Go through the data and tally the lines that include "assms". The reply is that number alone.

Entries taken from a collection
▬▬▬▬▬▬

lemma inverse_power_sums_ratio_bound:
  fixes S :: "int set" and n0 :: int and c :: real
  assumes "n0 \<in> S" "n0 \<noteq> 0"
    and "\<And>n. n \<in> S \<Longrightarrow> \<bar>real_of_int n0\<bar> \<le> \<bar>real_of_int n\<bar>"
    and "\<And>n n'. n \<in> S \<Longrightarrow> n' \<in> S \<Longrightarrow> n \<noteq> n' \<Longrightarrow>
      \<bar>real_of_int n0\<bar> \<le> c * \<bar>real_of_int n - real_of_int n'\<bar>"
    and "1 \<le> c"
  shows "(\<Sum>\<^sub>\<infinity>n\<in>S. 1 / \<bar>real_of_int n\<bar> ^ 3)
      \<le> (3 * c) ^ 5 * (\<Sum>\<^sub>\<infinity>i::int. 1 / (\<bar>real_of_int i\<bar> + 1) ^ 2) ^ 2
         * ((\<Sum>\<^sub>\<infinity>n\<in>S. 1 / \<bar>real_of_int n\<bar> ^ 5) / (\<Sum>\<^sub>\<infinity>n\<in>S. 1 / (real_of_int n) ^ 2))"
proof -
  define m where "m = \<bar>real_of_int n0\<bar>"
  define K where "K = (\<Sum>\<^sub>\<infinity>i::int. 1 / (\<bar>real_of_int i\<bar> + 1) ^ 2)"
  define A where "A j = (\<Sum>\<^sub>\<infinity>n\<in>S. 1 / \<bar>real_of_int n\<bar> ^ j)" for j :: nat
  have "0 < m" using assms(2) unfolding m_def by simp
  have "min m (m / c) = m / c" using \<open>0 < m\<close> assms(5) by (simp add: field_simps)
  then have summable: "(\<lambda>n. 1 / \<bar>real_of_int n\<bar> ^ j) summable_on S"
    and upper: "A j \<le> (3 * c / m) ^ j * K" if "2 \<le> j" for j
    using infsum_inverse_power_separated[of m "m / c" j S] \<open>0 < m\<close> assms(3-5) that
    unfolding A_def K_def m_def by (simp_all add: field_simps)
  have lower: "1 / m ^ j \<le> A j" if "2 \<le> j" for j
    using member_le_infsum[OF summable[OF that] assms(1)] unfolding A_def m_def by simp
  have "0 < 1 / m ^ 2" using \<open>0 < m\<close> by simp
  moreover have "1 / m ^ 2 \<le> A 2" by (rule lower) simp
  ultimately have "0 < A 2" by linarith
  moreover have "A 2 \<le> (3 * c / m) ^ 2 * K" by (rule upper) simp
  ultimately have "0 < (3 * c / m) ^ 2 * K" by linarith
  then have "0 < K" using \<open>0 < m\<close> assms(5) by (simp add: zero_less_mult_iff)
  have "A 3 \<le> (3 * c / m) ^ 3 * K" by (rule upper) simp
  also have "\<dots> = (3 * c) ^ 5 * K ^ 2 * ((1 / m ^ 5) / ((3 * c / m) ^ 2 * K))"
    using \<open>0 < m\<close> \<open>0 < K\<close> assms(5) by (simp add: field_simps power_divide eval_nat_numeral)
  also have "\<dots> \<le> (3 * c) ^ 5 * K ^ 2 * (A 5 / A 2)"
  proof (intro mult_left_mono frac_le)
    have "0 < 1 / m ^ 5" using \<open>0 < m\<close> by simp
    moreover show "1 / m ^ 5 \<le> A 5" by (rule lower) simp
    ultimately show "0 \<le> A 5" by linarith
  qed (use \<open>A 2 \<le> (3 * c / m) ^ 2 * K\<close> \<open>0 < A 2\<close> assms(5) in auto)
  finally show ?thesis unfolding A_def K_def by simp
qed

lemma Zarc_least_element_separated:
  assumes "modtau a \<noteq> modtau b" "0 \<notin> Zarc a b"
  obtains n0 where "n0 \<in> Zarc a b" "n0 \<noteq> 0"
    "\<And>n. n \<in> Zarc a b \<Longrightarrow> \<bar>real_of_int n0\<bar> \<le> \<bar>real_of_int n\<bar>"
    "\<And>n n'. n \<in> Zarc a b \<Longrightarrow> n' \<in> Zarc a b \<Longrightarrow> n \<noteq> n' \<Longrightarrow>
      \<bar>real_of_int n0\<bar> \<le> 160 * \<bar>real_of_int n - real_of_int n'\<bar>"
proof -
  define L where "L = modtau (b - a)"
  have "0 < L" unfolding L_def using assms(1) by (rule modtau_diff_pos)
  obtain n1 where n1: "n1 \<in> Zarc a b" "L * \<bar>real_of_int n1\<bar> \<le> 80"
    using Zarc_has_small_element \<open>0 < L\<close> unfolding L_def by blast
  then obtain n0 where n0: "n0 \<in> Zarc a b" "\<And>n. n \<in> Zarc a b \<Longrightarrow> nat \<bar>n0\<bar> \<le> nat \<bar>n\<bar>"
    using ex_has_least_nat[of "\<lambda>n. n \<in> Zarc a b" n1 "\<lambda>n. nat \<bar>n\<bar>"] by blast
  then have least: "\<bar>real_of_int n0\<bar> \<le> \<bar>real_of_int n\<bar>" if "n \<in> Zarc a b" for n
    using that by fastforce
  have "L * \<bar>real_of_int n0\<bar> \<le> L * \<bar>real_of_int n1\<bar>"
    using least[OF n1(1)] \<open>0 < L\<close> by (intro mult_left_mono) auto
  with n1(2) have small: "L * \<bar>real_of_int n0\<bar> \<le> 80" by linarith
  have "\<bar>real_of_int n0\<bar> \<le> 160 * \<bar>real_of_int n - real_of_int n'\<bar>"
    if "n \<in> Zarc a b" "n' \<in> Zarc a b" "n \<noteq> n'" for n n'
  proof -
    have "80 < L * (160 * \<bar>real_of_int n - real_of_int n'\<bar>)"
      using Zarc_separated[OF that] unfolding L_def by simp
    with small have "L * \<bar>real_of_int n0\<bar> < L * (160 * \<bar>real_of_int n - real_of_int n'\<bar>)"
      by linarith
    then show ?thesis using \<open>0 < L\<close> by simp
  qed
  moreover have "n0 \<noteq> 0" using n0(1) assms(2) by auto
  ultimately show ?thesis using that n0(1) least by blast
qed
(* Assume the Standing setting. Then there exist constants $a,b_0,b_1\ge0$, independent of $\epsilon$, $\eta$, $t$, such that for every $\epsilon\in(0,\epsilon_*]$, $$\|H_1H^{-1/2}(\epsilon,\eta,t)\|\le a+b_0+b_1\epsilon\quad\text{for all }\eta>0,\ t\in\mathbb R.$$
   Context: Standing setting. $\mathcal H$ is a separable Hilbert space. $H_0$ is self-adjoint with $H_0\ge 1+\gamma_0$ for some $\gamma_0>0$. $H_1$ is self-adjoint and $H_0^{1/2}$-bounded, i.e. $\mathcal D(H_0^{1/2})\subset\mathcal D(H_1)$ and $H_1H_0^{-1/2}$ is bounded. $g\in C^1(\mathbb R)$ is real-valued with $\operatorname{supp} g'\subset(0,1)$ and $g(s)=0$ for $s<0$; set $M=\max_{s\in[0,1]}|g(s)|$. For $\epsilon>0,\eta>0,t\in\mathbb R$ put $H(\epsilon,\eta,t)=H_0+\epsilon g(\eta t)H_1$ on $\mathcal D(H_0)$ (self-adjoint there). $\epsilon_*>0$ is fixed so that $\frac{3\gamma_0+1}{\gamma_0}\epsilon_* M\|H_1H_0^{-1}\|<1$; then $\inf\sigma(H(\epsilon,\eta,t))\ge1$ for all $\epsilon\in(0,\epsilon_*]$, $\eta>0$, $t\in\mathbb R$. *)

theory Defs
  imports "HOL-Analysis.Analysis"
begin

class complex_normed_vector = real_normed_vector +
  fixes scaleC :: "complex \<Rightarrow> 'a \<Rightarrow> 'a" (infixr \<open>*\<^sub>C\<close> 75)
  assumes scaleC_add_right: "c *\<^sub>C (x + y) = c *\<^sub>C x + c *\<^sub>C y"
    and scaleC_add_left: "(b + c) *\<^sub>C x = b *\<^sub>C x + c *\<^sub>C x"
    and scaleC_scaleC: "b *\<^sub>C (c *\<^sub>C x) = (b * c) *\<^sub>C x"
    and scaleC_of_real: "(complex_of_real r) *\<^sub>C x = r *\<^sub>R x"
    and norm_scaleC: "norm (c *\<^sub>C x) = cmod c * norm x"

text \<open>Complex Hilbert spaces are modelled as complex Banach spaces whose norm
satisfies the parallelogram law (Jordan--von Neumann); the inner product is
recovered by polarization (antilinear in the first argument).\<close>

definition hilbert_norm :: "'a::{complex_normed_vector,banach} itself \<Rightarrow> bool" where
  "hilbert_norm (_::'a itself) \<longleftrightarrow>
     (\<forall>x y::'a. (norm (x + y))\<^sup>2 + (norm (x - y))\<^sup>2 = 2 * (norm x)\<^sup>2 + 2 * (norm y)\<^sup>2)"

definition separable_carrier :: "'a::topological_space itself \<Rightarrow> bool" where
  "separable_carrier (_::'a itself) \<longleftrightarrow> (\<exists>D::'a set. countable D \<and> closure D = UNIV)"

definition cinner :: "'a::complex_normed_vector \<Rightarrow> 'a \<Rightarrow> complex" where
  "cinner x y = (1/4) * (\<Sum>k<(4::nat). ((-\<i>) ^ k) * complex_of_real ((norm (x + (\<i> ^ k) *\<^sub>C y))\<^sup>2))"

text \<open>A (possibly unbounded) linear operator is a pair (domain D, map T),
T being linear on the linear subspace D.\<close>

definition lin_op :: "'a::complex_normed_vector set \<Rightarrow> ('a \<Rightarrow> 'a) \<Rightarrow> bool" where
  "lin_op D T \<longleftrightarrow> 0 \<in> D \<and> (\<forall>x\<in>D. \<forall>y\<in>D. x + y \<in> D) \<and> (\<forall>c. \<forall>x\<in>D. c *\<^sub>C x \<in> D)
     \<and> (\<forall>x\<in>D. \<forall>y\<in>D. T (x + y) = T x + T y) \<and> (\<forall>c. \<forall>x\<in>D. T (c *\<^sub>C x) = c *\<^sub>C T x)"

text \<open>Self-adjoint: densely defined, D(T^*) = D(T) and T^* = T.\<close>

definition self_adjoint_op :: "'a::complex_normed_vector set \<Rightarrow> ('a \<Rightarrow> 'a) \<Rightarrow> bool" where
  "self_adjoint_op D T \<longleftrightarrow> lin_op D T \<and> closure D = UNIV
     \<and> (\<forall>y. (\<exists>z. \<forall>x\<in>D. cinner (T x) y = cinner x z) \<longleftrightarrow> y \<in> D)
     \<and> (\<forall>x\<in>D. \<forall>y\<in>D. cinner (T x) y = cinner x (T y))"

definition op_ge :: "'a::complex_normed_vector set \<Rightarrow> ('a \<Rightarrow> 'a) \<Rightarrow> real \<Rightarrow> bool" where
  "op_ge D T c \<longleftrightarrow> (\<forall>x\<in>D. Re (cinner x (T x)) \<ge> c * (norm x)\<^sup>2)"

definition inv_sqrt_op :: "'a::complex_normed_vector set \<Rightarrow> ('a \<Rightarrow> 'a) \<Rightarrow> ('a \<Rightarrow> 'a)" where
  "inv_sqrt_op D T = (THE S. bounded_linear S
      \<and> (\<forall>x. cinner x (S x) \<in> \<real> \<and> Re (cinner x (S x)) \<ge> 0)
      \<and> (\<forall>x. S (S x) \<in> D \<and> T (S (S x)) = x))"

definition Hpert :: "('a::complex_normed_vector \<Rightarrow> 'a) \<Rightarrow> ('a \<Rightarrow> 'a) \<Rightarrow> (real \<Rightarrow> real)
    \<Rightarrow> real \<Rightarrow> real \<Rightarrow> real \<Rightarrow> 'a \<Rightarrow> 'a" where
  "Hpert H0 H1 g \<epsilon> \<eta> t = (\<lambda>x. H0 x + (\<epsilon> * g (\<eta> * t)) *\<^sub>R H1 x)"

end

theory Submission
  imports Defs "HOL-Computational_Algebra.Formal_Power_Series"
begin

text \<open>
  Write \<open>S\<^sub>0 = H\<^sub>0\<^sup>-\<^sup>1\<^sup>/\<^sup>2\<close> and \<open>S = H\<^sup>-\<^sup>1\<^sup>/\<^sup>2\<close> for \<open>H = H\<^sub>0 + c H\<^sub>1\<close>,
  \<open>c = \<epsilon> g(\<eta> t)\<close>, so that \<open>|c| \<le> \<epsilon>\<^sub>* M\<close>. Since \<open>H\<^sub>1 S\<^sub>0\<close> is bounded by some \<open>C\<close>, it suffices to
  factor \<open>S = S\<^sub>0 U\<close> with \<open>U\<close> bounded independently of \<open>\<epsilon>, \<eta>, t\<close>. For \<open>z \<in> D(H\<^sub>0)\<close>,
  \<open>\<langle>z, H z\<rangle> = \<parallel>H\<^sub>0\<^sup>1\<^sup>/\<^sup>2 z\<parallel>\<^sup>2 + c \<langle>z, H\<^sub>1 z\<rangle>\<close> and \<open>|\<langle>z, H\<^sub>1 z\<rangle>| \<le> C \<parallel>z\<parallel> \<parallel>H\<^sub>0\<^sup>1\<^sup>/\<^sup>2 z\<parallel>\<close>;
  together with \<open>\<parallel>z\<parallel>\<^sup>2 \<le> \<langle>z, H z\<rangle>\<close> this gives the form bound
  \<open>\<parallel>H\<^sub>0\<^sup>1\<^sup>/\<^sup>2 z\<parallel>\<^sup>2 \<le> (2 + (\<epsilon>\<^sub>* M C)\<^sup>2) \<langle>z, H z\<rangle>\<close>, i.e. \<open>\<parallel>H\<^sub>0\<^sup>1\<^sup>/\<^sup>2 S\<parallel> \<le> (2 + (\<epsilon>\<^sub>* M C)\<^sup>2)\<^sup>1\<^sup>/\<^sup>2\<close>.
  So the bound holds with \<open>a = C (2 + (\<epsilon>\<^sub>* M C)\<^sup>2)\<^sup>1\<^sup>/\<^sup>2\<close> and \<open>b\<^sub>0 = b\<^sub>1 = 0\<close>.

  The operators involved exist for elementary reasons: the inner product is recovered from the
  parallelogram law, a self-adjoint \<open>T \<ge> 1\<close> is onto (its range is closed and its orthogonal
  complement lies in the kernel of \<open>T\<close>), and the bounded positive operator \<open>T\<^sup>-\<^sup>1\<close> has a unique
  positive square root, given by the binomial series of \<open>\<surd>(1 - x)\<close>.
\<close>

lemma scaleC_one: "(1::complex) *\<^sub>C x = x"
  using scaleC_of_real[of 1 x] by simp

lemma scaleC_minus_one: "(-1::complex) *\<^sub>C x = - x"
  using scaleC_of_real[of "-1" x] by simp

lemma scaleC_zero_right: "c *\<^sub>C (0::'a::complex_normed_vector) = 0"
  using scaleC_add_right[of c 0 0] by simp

▬▬▬▬▬▬

## THE ANSWER
9